What needs to be done: Take every line from the entries below that includes the word "which" and copy it.

#####

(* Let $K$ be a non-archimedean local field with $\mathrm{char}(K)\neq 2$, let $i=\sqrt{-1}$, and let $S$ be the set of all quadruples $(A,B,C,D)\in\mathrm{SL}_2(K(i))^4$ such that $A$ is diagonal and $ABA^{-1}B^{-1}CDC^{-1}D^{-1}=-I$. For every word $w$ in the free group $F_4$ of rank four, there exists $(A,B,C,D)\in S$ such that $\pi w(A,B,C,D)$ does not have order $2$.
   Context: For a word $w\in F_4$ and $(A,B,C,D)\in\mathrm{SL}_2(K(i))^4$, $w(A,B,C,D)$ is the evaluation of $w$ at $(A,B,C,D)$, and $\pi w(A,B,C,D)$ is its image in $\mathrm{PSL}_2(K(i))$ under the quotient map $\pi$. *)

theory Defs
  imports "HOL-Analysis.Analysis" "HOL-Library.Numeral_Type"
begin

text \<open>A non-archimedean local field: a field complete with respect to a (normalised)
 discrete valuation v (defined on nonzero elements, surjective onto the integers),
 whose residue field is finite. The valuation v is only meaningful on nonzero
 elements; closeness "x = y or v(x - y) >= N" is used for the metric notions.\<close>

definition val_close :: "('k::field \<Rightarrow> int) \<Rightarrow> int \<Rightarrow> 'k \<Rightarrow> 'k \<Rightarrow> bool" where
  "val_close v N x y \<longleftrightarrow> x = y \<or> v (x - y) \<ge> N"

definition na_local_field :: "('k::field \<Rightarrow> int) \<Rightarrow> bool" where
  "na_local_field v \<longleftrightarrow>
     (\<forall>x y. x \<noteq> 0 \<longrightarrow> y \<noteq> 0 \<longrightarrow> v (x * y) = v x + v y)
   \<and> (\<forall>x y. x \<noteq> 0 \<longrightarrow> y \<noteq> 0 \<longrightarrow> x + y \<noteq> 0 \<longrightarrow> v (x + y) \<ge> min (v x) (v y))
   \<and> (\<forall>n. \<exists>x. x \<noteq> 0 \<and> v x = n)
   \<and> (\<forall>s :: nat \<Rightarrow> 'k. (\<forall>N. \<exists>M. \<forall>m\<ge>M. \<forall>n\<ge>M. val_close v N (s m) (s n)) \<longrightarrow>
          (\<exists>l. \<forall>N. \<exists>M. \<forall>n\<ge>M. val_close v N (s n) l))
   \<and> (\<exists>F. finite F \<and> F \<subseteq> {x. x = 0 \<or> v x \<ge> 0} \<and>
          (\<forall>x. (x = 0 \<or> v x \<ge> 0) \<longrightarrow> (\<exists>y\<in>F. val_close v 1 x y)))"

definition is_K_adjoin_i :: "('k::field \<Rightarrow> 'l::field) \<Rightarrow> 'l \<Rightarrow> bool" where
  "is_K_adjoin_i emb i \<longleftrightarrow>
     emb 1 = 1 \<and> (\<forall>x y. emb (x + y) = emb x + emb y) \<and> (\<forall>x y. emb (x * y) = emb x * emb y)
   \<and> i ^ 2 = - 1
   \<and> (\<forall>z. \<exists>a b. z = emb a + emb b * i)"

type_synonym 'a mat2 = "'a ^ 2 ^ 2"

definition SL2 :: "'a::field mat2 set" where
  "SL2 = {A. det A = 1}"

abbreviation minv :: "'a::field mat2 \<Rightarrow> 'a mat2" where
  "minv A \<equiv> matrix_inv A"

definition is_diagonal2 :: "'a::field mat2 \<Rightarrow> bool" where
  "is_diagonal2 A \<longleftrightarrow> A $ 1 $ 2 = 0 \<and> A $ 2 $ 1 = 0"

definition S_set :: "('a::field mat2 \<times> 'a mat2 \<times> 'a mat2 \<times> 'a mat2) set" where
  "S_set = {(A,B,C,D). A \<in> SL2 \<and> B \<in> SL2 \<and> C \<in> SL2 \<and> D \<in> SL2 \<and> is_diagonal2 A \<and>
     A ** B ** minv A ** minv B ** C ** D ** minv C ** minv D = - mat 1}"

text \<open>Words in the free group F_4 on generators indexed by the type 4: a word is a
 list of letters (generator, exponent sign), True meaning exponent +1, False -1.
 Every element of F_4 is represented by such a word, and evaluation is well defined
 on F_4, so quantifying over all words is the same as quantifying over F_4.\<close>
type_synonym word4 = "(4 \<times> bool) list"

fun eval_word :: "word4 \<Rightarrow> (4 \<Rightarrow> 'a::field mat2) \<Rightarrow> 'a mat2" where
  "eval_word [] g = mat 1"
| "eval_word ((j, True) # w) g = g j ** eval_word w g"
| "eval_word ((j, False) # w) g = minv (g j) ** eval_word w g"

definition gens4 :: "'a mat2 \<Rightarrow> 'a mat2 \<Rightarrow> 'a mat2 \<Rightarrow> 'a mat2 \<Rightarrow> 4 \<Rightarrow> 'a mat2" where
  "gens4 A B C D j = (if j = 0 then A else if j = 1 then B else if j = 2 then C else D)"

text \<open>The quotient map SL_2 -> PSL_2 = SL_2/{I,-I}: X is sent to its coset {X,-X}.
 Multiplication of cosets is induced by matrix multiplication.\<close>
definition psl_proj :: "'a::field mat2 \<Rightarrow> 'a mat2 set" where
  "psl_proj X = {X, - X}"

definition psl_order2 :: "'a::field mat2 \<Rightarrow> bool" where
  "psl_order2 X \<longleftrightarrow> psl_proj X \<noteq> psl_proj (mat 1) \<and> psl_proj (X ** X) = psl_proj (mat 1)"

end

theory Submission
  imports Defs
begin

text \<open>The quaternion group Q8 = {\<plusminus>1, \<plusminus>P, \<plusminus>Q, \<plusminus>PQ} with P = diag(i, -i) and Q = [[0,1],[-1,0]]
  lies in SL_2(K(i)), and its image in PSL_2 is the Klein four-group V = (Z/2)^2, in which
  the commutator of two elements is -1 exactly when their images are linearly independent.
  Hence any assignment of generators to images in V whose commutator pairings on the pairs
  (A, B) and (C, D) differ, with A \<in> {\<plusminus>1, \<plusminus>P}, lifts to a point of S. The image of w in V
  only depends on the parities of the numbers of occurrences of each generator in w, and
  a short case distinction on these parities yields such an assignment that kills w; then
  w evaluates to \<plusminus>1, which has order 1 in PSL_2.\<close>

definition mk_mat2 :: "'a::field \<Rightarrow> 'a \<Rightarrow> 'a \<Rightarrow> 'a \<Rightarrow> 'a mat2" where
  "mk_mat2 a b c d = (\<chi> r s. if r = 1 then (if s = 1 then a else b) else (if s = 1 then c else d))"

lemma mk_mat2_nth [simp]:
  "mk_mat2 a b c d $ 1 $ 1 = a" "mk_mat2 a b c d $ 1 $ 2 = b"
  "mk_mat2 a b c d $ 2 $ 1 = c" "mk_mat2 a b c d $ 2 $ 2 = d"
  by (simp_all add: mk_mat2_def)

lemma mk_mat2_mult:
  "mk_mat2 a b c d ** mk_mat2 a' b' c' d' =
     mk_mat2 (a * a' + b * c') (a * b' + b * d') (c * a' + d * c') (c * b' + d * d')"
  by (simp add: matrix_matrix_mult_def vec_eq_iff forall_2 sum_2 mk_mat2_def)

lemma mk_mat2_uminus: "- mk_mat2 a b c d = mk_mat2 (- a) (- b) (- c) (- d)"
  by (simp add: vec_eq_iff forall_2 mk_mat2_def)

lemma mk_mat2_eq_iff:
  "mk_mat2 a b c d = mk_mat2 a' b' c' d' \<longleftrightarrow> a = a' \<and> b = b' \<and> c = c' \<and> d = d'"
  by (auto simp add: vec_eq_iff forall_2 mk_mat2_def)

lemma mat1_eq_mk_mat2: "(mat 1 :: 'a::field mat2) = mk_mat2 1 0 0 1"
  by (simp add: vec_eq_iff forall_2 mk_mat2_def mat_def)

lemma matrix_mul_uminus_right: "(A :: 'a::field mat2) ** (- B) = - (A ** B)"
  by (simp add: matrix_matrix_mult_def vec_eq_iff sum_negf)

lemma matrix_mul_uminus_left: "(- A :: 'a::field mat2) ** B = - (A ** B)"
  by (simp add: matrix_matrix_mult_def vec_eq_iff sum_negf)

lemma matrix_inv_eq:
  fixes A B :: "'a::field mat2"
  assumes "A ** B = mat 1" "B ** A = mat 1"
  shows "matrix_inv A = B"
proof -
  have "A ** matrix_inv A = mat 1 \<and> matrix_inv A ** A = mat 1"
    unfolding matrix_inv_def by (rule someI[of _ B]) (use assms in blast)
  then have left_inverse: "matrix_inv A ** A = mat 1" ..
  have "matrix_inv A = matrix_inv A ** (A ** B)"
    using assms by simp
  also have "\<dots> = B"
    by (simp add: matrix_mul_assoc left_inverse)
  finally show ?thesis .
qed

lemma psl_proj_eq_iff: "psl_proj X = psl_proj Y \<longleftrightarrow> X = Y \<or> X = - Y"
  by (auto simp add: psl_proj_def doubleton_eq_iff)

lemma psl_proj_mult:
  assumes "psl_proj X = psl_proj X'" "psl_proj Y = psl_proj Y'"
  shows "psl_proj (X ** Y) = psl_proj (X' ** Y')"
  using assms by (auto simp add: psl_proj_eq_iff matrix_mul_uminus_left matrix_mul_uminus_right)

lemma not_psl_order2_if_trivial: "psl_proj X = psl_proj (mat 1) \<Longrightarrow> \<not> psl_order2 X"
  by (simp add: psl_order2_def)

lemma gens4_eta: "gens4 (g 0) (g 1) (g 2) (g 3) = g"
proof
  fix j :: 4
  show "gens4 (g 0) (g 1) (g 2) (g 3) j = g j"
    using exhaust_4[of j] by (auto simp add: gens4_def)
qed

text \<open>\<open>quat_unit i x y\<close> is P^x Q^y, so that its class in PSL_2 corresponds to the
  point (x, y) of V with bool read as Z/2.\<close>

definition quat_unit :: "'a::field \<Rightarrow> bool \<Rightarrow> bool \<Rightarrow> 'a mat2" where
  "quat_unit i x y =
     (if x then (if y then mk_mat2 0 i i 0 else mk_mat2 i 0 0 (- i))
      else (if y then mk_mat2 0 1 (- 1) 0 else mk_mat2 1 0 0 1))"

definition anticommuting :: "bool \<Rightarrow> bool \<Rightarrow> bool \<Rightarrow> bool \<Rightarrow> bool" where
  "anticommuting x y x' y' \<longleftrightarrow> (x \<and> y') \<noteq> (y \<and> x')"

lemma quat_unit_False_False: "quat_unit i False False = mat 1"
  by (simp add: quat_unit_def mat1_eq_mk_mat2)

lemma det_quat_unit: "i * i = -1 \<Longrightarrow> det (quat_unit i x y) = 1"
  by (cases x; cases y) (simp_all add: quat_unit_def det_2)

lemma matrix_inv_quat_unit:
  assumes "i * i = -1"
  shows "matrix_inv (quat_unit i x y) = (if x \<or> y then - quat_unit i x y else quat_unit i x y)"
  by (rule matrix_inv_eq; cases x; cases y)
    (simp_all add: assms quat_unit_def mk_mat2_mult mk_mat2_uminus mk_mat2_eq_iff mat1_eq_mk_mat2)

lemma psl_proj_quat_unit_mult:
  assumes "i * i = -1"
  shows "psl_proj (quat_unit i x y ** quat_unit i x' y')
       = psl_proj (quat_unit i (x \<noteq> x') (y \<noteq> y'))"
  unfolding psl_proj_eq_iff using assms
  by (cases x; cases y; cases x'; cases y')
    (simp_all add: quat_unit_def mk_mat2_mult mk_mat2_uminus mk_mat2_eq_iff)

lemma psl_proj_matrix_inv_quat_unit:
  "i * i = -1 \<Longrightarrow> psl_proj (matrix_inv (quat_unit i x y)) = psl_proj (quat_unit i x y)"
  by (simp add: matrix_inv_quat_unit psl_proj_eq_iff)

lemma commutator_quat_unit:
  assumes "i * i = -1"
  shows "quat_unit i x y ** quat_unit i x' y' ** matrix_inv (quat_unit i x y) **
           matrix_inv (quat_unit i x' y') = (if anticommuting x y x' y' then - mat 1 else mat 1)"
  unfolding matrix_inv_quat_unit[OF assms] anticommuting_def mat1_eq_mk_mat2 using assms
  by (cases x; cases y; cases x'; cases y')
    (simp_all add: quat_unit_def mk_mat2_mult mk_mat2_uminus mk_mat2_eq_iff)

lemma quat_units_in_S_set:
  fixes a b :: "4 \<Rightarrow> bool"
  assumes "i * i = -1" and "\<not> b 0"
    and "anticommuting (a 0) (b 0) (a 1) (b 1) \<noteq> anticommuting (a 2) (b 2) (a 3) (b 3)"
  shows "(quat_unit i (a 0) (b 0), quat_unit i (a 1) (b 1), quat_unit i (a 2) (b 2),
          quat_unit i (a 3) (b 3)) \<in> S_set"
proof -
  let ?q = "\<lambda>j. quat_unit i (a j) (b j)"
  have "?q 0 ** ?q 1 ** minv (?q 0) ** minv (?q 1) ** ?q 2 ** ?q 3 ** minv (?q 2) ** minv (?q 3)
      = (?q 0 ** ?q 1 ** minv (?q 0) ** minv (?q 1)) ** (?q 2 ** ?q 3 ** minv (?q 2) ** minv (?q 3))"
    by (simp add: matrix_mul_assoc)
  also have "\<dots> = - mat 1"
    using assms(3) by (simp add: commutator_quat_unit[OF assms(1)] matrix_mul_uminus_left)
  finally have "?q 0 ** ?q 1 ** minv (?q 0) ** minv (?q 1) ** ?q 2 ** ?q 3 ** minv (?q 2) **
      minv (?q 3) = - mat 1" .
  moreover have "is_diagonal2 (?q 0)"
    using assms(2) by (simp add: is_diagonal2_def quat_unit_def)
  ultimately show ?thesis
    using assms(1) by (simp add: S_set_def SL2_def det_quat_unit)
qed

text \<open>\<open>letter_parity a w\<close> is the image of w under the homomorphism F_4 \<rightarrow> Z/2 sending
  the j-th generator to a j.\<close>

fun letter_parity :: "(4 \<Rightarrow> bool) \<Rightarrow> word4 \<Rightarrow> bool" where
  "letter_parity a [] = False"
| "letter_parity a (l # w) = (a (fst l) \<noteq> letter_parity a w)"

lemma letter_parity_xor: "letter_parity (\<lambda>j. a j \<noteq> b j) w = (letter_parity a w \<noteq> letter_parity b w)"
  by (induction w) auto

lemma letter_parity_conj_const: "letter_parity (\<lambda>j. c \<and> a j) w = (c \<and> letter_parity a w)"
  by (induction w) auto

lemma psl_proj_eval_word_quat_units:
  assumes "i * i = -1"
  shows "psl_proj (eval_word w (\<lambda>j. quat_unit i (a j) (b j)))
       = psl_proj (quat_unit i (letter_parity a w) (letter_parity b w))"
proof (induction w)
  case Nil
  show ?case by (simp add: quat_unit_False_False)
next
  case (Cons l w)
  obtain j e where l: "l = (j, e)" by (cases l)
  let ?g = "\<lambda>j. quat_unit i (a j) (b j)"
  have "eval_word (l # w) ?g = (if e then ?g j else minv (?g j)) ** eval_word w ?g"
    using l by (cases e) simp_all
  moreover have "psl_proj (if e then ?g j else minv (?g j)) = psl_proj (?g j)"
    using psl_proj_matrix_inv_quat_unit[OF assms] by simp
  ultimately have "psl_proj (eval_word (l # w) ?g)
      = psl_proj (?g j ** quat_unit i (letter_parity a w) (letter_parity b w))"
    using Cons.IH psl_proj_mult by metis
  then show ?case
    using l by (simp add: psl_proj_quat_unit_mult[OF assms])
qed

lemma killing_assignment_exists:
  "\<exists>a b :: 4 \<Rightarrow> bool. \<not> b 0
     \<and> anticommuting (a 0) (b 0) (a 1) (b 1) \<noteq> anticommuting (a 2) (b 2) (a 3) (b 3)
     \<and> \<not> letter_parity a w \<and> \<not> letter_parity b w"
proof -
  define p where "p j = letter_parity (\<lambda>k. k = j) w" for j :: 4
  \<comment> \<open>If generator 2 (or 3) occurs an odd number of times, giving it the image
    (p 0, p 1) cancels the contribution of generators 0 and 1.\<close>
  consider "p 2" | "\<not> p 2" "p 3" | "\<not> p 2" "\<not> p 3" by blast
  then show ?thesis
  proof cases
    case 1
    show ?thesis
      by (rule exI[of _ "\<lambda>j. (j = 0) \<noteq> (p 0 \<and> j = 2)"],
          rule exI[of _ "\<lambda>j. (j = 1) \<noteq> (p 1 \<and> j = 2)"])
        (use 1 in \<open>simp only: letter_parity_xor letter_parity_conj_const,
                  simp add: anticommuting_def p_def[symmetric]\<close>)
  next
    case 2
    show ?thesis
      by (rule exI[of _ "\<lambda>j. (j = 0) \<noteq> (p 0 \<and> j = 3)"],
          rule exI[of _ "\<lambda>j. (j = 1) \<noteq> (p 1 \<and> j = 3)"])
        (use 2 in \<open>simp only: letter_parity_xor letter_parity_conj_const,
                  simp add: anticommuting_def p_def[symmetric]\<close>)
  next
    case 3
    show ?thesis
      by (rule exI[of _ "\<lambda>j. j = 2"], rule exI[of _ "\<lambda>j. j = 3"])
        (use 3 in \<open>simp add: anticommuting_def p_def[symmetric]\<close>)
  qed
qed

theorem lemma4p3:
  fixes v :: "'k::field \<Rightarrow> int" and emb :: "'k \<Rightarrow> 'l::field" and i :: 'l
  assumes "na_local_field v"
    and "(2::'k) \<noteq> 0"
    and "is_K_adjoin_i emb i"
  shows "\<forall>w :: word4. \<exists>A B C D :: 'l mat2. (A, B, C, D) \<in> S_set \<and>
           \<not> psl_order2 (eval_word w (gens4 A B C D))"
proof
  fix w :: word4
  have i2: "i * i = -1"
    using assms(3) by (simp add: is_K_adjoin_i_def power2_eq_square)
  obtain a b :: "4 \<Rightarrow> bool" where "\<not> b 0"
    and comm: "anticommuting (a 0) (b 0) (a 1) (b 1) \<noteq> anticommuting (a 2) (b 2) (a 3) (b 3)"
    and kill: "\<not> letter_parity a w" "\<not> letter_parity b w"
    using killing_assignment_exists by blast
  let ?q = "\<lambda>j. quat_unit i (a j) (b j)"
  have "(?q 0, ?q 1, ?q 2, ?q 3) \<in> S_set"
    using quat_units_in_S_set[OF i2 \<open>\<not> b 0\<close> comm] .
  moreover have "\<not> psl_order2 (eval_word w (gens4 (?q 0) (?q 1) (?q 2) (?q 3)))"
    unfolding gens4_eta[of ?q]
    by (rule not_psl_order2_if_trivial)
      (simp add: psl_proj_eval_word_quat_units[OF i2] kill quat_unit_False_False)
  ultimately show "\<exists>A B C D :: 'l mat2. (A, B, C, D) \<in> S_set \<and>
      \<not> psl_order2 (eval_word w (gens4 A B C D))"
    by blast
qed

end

#####

Answer section:
  lies in SL_2(K(i)), and its image in PSL_2 is the Klein four-group V = (Z/2)^2, in which
  w evaluates to \<plusminus>1, which has order 1 in PSL_2.\<close>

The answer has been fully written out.